A police informant bought a packet of cocaine from Gonzalez's husband, Albert Nunez, on their front porch while Officer Robert McDonnell watched, according to the warrant.
But that informant, Ventura Martinez, now says that the search warrant was based on a lie: He never bought drugs from Nunez.
Cujdik is at the center of a joint federal and local investigation that arose after Martinez claimed in a Daily News article that Cujdik told him to lie about some drug buys so that the officer could obtain search warrants to enter homes of suspected drug dealers.
Nunez's case - one of hundreds under scrutiny - could thrust McDonnell into the burgeoning probe.
Cujdik and McDonnell worked together in the Narcotics Field Unit. Cujdik is now on desk duty, his gun and badge taken, police said.
Reached last night, McDonnell politely declined to comment.
In an exclusive interview with the Daily News earlier this month, Martinez - known as Confidential Informant #103 - said that both he and Cujdik were driven in part by financial gain.
The Police Department paid Martinez for drug buys and for tips leading to arrests. Martinez said that he gave at least $20,000 in informant cash to Cujdik for rent on a Kensington house that Martinez and his family leased from Cujdik between September 2005 and Jan. 30 of this year.
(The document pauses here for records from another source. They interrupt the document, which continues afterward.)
(* Let $1\le s\le d/2$ and $n\ge d+1$, and let $\mathcal F\subseteq\binom{[n]}{d+1}$ be an $s$-witness family, where for each $F\in\mathcal F$ a witness $B_F\subseteq F$ with $|B_F|=s$ (so that $F\cap F'\ne B_F$ for all $F'\in\mathcal F$) has been fixed. Let $\mathcal B=\{B\in\binom{[n]}{s}: \exists F\in\mathcal F \text{ with } B_F=B\}$. Then there is a constant $C_d$ depending only on $d$ such that for every $B\in\mathcal B$ there exists a family $\mathcal A_B$ of subsets of $[n]\setminus B$, each of size at most $d+1-s$, satisfying: (1) $\mathcal A_B$ is intersecting, i.e. $A\cap A'\neq\varnothing$ for all $A,A'\in\mathcal A_B$; (2) for every $F\in\mathcal F$ with $B_F=B$, there exists $A\in\mathcal A_B$ with $A\subseteq F$; (3) for every $F\in\mathcal F$ with $B\subseteq F$ (possibly $B_F\ne B$), we have $A\cap F\neq\varnothing$ for all $A\in\mathcal A_B$; (4) $|\mathcal A_B|\le C_d$.
   Context: $[n]=\{1,\dots,n\}$ and $\binom{[n]}{k}$ denotes the family of all $k$-element subsets of $[n]$. For $n\ge d+1$ and $0\le s\le d$, a family $\mathcal F\subseteq\binom{[n]}{d+1}$ is an $s$-witness family if for every $F\in\mathcal F$ there exists $B_F\subseteq F$ with $|B_F|=s$ such that $F\cap F'\neq B_F$ for every $F'\in\mathcal F$; such $B_F$ is called a witness of $F$. *)

theory Defs
  imports Main
begin
lemma mem_resolvent_B_op_I:
  fixes f :: "'n::finite \<Rightarrow> 'a::{real_inner, complete_space} \<Rightarrow> real"
  assumes conv: "convex_on UNIV (f i)" and lsc: "lsc (f i)" and \<gamma>: "\<gamma> > 0"
    and w: "is_omega (f i) (p$i) \<gamma> x (q$i)" and pj: "\<forall>j. j \<noteq> i \<longrightarrow> q$j = p$j"
    and y: "y = (if p$i + \<gamma> * f i x \<le> 0 then x else prox (\<gamma> * q$i) (f i) x)"
  shows "(y, q) \<in> resolvent (scale_op \<gamma> (B_op f i)) (x, p)"
proof (cases "p$i + \<gamma> * f i x \<le> 0")
  case True
  text \<open>The multiplier vanishes and \<open>t \<in> \<partial>\<phi>\<^sup>*(0)\<close> absorbs the negative value \<open>p\<^sub>i + \<gamma> f\<^sub>i(x)\<close>.\<close>
  define t where "t = (p$i + \<gamma> * f i x) / \<gamma>"
  have qi: "q$i = 0" and "y = x"
    using w y True unfolding is_omega_def by auto
  obtain u where u: "\<forall>z. f i x + inner u (z - x) \<le> f i z"
    using convex_lsc_has_subgradient[OF conv lsc] by blast
  have "t \<le> 0"
    using True \<gamma> by (simp add: t_def divide_nonpos_pos)
  moreover have "p = q + (\<gamma> * (t - f i y)) *\<^sub>R axis i 1"
    using pj qi \<open>y = x\<close> \<gamma> unfolding eq_add_axis_iff by (simp add: t_def field_simps)
  ultimately show ?thesis
    unfolding mem_resolvent_B_op_iff_subgradient using u qi \<open>y = x\<close> by auto
next
  case False
  have qi: "0 < q$i" "q$i = p$i + \<gamma> * f i y" and y: "y = prox (\<gamma> * q$i) (f i) x"
    using is_omega_pos[OF _ w] w y False unfolding is_omega_def by auto
  define u where "u = (1 / (\<gamma> * q$i)) *\<^sub>R (x - y)"
  have "\<forall>z. f i y + inner u (z - y) \<le> f i z"
    using is_prox_subgradient[OF conv _ is_prox_prox[OF conv lsc]] \<gamma> qi(1) unfolding u_def y by simp
  moreover have "x = y + (\<gamma> * q$i) *\<^sub>R u"
    using \<gamma> qi(1) by (simp add: u_def)
  moreover have "p = q + (\<gamma> * (0 - f i y)) *\<^sub>R axis i 1"
    using pj qi(2) unfolding eq_add_axis_iff by simp
  ultimately show ?thesis
    unfolding mem_resolvent_B_op_iff_subgradient using qi(1) by (intro exI[of _ u] exI[of _ 0]) simp
qed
Cujdik's attorney, George Bochetto, has said the allegations are untrue and are based on the word of a "professional liar."
Last week, Nunez's attorney, Jeremy Ibrahim, filed a motion aimed at getting Martinez on the witness stand. Ibrahim cited the Daily News articles and said that "a dark cloud has been cast over the law and Constitution."
"Both Mr. McDonnell and Informant #103 are suspect," Ibrahim wrote in his motion. A judge has yet to rule.